Start of TASK DATA
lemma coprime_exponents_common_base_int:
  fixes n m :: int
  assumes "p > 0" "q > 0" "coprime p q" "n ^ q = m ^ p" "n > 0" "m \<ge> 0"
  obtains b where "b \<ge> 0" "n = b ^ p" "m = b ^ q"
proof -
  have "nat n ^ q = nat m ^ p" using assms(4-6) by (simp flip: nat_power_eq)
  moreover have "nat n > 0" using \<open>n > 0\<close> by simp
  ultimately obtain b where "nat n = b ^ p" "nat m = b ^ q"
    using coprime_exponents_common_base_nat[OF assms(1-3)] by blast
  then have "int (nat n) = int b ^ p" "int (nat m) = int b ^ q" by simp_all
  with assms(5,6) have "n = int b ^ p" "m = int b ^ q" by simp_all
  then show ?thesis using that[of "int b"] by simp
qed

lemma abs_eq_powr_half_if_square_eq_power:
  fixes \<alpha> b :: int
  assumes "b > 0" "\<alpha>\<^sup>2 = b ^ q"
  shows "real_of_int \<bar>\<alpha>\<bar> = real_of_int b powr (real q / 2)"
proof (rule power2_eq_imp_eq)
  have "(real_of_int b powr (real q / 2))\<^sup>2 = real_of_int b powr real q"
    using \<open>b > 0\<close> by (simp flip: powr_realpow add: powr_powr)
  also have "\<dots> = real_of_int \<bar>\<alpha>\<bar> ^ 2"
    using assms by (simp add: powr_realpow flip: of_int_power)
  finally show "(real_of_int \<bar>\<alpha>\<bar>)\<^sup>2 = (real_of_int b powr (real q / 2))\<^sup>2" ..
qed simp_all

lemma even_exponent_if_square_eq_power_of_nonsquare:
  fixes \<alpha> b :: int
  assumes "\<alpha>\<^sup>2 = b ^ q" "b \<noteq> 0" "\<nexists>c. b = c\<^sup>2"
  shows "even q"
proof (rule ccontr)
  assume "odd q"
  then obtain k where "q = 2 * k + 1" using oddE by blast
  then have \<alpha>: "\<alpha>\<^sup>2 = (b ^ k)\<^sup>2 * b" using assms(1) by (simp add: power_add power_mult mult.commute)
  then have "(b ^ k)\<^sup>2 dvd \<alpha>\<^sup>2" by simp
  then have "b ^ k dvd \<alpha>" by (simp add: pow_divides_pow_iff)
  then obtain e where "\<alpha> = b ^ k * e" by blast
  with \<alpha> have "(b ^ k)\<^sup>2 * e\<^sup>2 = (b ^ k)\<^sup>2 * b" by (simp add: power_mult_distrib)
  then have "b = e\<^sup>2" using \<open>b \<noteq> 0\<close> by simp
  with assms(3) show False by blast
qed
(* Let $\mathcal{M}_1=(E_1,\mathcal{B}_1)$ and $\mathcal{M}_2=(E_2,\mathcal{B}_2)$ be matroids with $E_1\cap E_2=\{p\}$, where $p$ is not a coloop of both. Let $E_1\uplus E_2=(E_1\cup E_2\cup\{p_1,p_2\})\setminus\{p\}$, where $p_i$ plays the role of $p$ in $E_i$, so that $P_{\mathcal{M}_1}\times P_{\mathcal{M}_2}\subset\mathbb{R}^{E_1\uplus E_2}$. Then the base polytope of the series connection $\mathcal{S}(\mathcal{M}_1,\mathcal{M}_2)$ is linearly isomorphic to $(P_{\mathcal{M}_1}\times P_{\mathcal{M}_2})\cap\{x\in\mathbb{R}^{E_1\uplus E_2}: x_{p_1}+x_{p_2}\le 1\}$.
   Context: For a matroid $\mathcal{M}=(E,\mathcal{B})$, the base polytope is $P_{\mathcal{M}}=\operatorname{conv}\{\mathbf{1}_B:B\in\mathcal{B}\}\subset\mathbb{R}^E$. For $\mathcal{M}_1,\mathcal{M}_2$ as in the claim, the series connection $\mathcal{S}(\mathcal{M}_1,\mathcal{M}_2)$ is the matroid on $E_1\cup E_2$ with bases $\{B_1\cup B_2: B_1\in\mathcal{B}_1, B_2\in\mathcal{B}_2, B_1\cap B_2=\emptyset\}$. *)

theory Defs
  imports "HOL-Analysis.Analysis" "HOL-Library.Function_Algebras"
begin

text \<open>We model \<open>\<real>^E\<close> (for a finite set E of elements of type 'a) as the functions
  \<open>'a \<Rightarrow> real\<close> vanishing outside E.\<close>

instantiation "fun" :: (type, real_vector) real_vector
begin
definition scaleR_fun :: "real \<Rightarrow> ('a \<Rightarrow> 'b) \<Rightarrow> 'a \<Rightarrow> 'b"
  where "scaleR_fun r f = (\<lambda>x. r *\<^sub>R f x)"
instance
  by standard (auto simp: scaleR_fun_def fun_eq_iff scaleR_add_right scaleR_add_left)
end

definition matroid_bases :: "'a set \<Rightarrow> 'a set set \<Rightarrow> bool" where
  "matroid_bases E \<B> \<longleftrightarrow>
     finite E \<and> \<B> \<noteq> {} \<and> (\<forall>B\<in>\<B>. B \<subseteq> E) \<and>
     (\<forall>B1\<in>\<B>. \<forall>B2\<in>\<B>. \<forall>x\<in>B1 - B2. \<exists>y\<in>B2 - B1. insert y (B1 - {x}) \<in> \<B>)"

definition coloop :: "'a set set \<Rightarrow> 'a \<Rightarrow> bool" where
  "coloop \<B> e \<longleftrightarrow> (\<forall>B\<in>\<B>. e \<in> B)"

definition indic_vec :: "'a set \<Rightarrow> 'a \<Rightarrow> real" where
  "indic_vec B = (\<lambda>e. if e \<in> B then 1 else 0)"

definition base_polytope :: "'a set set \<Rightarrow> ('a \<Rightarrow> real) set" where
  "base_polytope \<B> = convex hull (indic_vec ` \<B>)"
End of TASK DATA
Start of TASK DATA
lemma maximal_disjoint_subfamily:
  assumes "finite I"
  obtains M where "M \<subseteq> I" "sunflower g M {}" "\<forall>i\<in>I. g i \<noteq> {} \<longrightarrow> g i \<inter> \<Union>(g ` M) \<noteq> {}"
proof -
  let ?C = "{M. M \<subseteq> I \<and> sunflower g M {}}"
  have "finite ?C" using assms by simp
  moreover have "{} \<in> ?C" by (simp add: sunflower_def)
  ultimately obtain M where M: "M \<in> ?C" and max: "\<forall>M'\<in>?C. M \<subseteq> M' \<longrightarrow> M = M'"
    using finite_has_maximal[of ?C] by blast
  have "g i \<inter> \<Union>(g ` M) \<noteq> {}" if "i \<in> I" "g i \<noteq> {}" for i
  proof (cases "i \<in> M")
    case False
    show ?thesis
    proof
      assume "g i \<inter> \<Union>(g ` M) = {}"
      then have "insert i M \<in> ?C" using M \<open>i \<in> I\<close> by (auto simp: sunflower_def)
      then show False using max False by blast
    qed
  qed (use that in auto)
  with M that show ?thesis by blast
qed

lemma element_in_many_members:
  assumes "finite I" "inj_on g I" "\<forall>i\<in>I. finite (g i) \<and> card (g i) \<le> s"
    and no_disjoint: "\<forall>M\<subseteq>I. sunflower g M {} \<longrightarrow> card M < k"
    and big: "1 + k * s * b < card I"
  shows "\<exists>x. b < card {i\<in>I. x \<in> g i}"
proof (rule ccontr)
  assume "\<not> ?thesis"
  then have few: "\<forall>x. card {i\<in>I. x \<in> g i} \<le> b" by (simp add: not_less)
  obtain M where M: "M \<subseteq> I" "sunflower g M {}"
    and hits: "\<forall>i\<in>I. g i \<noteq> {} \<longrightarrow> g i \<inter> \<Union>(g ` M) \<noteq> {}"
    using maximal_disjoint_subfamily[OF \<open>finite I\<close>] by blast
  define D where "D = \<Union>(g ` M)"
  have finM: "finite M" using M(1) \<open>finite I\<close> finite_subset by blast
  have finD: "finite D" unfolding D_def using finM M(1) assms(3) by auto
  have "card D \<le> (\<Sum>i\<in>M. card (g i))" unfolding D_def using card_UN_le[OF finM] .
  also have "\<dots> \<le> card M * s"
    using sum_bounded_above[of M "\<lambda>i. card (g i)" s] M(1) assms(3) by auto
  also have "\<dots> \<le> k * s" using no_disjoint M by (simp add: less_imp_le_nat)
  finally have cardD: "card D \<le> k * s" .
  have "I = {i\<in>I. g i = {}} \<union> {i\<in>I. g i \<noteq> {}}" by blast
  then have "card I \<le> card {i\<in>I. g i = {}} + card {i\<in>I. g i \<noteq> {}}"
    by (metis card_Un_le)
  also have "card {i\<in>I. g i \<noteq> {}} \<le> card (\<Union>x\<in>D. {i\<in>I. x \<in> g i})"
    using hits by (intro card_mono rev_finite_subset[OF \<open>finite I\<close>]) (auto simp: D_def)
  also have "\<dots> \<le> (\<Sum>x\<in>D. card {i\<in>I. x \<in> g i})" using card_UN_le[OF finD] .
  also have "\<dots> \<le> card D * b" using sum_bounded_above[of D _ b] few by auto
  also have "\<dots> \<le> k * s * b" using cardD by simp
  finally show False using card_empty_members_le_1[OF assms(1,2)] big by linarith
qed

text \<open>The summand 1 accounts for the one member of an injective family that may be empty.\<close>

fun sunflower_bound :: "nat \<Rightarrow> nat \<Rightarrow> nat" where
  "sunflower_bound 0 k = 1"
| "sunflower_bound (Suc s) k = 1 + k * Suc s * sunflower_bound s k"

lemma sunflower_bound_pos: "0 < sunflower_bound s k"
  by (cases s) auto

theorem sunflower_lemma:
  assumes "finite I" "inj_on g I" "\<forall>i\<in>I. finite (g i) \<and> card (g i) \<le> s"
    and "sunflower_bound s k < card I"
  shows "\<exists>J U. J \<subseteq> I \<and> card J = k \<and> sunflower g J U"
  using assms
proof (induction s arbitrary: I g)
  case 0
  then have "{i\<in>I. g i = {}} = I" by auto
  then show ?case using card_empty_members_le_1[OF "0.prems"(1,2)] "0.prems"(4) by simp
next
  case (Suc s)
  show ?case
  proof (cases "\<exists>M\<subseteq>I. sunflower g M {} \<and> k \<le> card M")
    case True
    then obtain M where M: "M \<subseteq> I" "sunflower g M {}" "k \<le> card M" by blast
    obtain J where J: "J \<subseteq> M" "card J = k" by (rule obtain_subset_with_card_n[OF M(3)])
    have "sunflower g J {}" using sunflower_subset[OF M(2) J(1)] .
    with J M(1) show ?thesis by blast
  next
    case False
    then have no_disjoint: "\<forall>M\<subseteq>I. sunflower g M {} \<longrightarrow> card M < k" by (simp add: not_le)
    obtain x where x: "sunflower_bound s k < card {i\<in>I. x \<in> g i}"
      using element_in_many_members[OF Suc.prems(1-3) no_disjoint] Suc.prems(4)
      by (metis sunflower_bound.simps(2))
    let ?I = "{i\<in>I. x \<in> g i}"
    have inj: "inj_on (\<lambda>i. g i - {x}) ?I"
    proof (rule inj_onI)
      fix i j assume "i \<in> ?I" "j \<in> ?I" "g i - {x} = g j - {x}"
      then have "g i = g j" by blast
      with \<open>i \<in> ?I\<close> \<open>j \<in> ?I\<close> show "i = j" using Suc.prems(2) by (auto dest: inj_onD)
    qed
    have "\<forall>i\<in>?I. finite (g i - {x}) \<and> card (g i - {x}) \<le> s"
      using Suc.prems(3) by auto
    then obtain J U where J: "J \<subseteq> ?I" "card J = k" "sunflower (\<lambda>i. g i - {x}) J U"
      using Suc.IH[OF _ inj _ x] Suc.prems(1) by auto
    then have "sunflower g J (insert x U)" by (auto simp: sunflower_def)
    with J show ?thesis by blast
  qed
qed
End of TASK DATA
◆ **TASK DIRECTIONS**: Please write out, exactly as they appear above, only the lines in the stretch from the line with "(simp add: not_less)" through the line with "define D where".

◆ **TASK ANSWER**:
  then have few: "\<forall>x. card {i\<in>I. x \<in> g i} \<le> b" by (simp add: not_less)
  obtain M where M: "M \<subseteq> I" "sunflower g M {}"
    and hits: "\<forall>i\<in>I. g i \<noteq> {} \<longrightarrow> g i \<inter> \<Union>(g ` M) \<noteq> {}"
    using maximal_disjoint_subfamily[OF \<open>finite I\<close>] by blast
  define D where "D = \<Union>(g ` M)"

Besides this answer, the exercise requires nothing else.